Record set START
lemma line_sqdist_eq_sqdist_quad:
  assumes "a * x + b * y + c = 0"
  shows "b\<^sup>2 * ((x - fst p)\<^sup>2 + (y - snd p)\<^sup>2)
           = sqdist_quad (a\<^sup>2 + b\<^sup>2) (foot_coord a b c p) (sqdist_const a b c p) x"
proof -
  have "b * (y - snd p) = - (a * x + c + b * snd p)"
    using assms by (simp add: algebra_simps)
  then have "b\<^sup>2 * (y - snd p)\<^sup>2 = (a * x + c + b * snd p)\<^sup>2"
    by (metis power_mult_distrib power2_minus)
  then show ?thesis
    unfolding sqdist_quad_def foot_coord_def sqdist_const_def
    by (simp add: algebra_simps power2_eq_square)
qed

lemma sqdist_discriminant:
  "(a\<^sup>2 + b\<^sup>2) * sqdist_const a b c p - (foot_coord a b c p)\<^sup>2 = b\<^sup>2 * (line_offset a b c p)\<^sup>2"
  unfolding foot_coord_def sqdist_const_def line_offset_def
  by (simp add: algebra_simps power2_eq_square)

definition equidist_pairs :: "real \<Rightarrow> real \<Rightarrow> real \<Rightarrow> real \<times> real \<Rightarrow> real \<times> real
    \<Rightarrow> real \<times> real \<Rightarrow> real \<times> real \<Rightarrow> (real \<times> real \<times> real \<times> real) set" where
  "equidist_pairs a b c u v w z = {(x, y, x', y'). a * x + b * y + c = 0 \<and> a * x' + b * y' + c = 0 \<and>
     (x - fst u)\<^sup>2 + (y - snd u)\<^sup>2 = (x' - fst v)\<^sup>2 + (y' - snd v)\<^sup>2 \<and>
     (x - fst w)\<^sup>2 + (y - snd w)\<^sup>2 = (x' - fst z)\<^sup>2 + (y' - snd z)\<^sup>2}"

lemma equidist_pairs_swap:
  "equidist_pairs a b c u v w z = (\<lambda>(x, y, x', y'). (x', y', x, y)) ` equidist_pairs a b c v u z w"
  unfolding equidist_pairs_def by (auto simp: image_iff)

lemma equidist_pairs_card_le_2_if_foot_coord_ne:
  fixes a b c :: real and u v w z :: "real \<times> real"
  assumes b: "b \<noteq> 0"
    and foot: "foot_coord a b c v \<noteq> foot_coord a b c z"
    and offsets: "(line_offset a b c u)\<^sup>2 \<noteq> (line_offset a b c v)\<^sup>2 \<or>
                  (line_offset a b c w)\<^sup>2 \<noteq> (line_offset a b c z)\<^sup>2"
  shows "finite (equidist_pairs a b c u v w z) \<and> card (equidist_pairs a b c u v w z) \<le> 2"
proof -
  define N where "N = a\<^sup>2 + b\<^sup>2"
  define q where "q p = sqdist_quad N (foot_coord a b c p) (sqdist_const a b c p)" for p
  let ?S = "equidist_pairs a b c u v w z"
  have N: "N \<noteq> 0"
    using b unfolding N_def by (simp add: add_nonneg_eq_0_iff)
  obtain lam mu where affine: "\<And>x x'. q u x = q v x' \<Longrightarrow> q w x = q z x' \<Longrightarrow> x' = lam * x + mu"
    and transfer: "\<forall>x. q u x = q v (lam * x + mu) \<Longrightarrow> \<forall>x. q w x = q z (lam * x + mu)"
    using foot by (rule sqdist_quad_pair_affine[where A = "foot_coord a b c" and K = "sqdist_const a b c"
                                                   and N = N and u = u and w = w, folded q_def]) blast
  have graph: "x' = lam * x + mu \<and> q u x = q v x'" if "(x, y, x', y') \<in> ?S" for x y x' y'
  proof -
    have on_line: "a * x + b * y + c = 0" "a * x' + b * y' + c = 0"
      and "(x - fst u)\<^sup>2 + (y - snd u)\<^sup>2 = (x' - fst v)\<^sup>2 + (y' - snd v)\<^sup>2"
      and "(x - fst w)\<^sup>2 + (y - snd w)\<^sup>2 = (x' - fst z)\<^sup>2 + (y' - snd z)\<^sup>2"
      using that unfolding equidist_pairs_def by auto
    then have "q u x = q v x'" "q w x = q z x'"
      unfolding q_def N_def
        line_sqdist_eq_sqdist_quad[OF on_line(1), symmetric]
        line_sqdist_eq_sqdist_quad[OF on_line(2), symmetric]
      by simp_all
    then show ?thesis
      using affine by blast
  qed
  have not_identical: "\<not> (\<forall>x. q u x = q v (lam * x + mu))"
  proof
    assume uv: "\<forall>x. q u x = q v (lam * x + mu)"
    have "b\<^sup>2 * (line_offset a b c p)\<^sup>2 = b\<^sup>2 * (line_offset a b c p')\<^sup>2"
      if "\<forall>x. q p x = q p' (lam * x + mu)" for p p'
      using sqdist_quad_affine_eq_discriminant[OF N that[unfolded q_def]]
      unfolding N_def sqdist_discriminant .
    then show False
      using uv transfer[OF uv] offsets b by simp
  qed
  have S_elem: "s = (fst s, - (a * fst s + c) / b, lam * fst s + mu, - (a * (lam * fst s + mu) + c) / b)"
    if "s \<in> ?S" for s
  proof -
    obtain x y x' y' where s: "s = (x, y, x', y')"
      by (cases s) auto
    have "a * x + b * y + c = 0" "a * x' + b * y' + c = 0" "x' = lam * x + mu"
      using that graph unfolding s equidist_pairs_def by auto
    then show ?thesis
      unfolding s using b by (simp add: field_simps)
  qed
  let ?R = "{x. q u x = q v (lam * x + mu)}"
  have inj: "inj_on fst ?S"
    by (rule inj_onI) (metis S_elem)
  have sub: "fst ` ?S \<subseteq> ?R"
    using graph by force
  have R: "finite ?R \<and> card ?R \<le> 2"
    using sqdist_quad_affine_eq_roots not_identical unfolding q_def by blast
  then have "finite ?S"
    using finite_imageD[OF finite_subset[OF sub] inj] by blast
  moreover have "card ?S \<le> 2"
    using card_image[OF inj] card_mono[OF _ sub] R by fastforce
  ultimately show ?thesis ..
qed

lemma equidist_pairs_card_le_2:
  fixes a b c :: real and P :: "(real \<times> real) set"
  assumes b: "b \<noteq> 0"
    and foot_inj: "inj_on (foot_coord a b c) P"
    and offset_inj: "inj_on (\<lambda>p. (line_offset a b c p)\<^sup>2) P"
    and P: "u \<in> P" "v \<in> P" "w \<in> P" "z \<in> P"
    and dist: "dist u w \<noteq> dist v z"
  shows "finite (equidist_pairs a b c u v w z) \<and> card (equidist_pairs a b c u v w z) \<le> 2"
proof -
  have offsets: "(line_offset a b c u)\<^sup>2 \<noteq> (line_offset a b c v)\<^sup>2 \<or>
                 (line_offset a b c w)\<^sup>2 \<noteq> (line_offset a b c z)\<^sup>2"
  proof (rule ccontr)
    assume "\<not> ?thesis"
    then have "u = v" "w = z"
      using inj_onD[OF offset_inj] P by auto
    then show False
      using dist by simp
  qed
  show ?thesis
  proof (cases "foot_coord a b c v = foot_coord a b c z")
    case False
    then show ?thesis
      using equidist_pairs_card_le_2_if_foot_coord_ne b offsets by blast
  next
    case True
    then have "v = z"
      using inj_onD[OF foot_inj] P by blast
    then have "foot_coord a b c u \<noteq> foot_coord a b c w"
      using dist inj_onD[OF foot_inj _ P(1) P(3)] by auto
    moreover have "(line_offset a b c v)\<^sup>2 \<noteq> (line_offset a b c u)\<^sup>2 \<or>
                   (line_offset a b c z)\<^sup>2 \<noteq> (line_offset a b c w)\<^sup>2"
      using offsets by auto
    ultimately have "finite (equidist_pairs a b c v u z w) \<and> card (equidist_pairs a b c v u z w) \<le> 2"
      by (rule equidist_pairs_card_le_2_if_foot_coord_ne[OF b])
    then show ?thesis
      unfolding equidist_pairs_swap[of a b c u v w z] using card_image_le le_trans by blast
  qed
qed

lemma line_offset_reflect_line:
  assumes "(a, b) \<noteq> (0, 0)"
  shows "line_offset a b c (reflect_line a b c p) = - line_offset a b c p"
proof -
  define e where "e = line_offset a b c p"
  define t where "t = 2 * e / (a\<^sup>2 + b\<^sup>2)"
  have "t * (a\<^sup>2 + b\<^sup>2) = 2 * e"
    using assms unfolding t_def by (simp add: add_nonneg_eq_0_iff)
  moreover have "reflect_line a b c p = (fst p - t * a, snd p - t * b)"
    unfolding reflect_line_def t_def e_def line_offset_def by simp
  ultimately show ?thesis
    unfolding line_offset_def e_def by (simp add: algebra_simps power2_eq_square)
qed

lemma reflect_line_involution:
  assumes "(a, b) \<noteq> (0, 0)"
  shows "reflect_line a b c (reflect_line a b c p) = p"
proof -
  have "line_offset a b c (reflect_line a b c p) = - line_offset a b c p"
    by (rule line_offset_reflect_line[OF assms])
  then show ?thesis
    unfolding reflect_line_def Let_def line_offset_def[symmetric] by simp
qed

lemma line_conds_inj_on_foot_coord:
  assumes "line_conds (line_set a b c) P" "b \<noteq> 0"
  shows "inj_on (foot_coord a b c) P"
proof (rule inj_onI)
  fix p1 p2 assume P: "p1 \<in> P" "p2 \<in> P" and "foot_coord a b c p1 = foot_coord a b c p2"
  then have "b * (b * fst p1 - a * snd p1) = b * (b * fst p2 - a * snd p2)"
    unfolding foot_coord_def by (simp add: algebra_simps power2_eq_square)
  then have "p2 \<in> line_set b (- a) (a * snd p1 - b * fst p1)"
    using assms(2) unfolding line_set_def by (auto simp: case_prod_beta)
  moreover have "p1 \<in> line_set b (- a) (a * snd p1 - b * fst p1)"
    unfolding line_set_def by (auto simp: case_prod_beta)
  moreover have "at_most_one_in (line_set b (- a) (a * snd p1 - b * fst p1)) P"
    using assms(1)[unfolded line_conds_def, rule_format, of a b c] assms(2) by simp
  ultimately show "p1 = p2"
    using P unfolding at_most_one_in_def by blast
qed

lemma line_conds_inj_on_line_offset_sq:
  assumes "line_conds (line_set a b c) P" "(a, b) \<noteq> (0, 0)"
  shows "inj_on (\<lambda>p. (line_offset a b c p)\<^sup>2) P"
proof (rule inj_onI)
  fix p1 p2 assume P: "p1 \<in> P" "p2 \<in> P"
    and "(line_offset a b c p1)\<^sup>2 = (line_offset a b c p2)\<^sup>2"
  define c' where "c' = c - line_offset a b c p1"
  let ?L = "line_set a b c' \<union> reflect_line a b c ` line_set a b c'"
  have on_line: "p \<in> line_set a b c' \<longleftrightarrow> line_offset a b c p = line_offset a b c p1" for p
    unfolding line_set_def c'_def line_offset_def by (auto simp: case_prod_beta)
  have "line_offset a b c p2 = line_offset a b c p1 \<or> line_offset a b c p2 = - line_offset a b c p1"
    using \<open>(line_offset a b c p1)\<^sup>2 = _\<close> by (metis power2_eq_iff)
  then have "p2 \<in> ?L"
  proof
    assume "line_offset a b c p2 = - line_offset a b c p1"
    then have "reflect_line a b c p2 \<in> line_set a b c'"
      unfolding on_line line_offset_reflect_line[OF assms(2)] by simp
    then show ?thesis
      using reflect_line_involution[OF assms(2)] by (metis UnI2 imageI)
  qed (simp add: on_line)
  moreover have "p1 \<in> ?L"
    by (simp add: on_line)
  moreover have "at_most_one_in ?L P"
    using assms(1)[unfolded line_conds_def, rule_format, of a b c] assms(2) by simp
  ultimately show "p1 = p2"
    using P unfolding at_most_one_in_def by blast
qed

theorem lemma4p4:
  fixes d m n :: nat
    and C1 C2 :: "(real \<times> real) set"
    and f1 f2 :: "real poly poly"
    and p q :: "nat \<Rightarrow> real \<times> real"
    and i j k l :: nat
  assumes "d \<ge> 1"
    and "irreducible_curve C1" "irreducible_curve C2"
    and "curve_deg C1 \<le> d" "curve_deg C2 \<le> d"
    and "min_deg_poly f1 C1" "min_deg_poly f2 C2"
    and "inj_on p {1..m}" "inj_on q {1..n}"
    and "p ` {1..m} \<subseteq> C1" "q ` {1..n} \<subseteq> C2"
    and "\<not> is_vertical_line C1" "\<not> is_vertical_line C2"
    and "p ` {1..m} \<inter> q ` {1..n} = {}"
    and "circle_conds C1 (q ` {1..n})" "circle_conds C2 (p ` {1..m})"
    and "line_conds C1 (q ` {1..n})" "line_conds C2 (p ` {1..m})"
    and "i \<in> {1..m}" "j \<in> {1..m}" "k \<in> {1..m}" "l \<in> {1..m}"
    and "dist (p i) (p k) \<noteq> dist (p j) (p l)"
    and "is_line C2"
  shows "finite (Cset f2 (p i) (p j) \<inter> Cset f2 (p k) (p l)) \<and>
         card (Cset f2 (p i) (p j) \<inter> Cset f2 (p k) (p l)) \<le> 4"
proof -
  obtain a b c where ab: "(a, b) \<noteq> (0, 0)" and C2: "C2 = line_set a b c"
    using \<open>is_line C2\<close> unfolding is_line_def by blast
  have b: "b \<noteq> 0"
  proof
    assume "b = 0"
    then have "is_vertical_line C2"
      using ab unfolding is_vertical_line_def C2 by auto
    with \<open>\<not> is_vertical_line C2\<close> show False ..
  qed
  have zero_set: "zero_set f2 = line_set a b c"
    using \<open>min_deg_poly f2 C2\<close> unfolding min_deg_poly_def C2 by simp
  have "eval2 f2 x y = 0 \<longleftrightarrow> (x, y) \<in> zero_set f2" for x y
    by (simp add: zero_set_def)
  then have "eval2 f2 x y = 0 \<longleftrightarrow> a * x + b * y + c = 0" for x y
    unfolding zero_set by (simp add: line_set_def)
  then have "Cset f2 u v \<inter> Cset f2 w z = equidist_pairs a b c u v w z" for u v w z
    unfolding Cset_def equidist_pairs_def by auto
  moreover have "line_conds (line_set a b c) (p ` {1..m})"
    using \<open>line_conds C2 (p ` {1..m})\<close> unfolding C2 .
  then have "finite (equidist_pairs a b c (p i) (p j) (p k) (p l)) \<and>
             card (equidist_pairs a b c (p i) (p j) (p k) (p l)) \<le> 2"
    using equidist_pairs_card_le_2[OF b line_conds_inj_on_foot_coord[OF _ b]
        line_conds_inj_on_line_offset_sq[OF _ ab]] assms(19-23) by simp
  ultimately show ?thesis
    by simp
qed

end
Record set END
Give the number of lines in the material above that contain "obtain", with no other words.

3